Although called many different names throughout the history of the Black feminist intellectual tradition, intersectionality, more than anything else, has come to signify critical thinking about the interconnected nature of race, gender, sexuality, and class, among other identificatory categories. Moreover, intersectionality also symbolizes and emphasizes Black women’s lives and struggles at the intersection where racism, sexism, classism, and heteropatriarchy, among other oppressions, calamitously collide. Although other groups of non-White women have articulated similar interrogations of race, gender, sexuality, and class, it has been Black women’s popularization of intersectionality as a theory, method, and praxis that has altered contemporary conceptions of feminism, sexology, anti-racism, intellectualism, art, progressive politics, and social movements, among others, both within and without the academy. From the women of the American Indian Movement, to the women of the Brown Power (aka Chicano) Movement, to the women of the Asian American Movement, and through to the women of the United Farm Workers and the Young Lords Party, among others, something conceptually akin to intersectionality has been free-floating through movements among “women of colour” for over a century. However, many believe – this author included – that it is important to acknowledge the Black women who were central to the origins and early evolution and popularization of intersectionality precisely because there remains a longstanding tendency to primarily associate feminism and women’s studies with White women, and anti-racism and Black studies with Black men, which invisibilizes or, at the very least, marginalizes Black women’s experiences and epistemologies in discussions on women, workers, sexuality, patriarchy and white supremacy, and so on.
Perhaps no period in U.S. history was more important to the intellectual genealogy of intersectionality than the era in the 1960s and 1970s that saw the rise and fall of both the Black Power Movement and the Women’s Liberation Movement. African American women obviously took note of Black male militancy during the Black Power Movement. As the Civil Rights Movement came to an end, African American men’s exasperation with the system increased and often transformed itself into various kinds of new-fangled forms of machismo and misogyny. African American women largely ended up in the unpleasant position of having to choose between supporting the Black Power Movement, which was increasingly defined and dominated by Black men, or supporting the Women’s Liberation Movement, which had increasingly come to be defined and dominated by White women.

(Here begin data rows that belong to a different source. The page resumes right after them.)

lemma continuous_map_dsum_top_linear:
  fixes L :: "('i \<Rightarrow> 'm \<Rightarrow> 'v::real_vector) \<Rightarrow> ('j \<Rightarrow> 'n \<Rightarrow> 'w::real_vector)"
  assumes summands: "dsum_summands I C T" "dsum_summands J C' T'"
    and maps: "\<And>F. F \<in> dsum_carrier I C \<Longrightarrow> L F \<in> dsum_carrier J C'"
    and linear: "\<And>F G a b. F \<in> dsum_carrier I C \<Longrightarrow> G \<in> dsum_carrier I C
      \<Longrightarrow> L (\<lambda>i x. a *\<^sub>R F i x + b *\<^sub>R G i x) = (\<lambda>j y. a *\<^sub>R L F j y + b *\<^sub>R L G j y)"
    and summand_nbhd: "\<And>i W. i \<in> I \<Longrightarrow> W \<subseteq> dsum_carrier J C' \<Longrightarrow> abs_convex W \<Longrightarrow> dsum_zero_nbhd J C' T' W
      \<Longrightarrow> \<exists>N. openin (T i) N \<and> (\<lambda>x. 0) \<in> N \<and> N \<subseteq> {v \<in> C i. L (inj_at i v) \<in> W}"
  shows "continuous_map (dsum_top I C T) (dsum_top J C' T') L"
  unfolding continuous_map topspace_dsum_top[OF summands(1)] topspace_dsum_top[OF summands(2)]
proof (intro conjI allI impI)
  let ?D = "dsum_carrier I C" and ?E = "dsum_carrier J C'"
  have lin: "\<forall>i\<in>I. lincomb_closed (C i)" and zero: "\<forall>i\<in>I. (\<lambda>x. 0) \<in> C i"
    using summands(1) unfolding dsum_summands_def by auto
  show "L ` ?D \<subseteq> ?E" using maps by blast
  fix O' assume "openin (dsum_top J C' T') O'"
  then have O': "dsum_open J C' T' O'" by (simp add: openin_dsum_top)
  show "openin (dsum_top I C T) {F \<in> ?D. L F \<in> O'}"
    unfolding openin_dsum_top dsum_open_def
  proof (intro conjI ballI)
    fix F0 assume F0: "F0 \<in> {F \<in> ?D. L F \<in> O'}"
    then obtain W where W: "W \<subseteq> ?E" "abs_convex W" "dsum_zero_nbhd J C' T' W" "dsum_translate (L F0) W \<subseteq> O'"
      using O' unfolding dsum_open_def by blast
    define W' where "W' = {H \<in> ?D. L H \<in> W}"
    have W'_sub: "W' \<subseteq> ?D" unfolding W'_def by blast
    have "abs_convex W'"
      using W(2) dsum_carrier_lincomb[OF lin] linear unfolding abs_convex_def W'_def by auto
    moreover have "dsum_zero_nbhd I C T W'"
      unfolding dsum_zero_nbhd_def
    proof
      fix i assume i: "i \<in> I"
      obtain N where "openin (T i) N" "(\<lambda>x. 0) \<in> N" "N \<subseteq> {v \<in> C i. L (inj_at i v) \<in> W}"
        using summand_nbhd[OF i W(1-3)] by blast
      moreover have "inj_at i v \<in> ?D" if "v \<in> C i" for v
        using inj_at_in_dsum_carrier[OF zero i that] by blast
      ultimately show "\<exists>N. openin (T i) N \<and> (\<lambda>x. 0) \<in> N \<and> N \<subseteq> {v \<in> C i. inj_at i v \<in> W'}"
        unfolding W'_def by blast
    qed
    moreover have "dsum_translate F0 W' \<subseteq> {F \<in> ?D. L F \<in> O'}"
    proof
      fix K assume "K \<in> dsum_translate F0 W'"
      then obtain H where K: "K = (\<lambda>i x. F0 i x + H i x)" and H: "H \<in> ?D" "L H \<in> W"
        unfolding dsum_translate_def W'_def by blast
      have "L K = (\<lambda>j y. L F0 j y + L H j y)"
        using linear[of F0 H 1 1] F0 H(1) unfolding K by simp
      then have "L K \<in> O'" using W(4) H(2) unfolding dsum_translate_def by blast
      then show "K \<in> {F \<in> ?D. L F \<in> O'}" using dsum_carrier_add[OF lin] F0 H(1) unfolding K by blast
    qed
    ultimately show "\<exists>W. W \<subseteq> ?D \<and> abs_convex W \<and> dsum_zero_nbhd I C T W \<and> dsum_translate F0 W \<subseteq> {F \<in> ?D. L F \<in> O'}"
      using W'_sub by blast
  qed blast
qed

There can be little doubt concerning African American women’s alienation and marginalization in both the Black Power Movement and the Women’s Liberation Movement.
Understandably, many African American women found few connections with what they perceived to be the White women-centred, middle-class, college-educated, and career-oriented overarching agenda of the Women’s Liberation Movement. Consequently, a contingent of Black women ultimately decided to create their own distinct movement that combined the struggle for racial justice emerging from the Black Power Movement with the struggle for gender justice emerging from the Women’s Liberation Movement. At this point, there can be little doubt concerning African American women’s alienation and marginalization in both the Black Power Movement and the Women’s Liberation Movement. A spate of recent research has demonstrated that many Black women were participants in the aforementioned widely recognized movements, as well as their own often unrecognized movement: the Black Women’s Liberation Movement. That is to say, before Kimberlé Crenshaw coined and popularized the term “intersectionality” in 1989, the women of the Black Women’s Liberation Movement lived, theorized, and practiced insurgent forms of anterior intersectionality devoid of the kinds of esoteric jargon and academic baggage so often associated with the term today.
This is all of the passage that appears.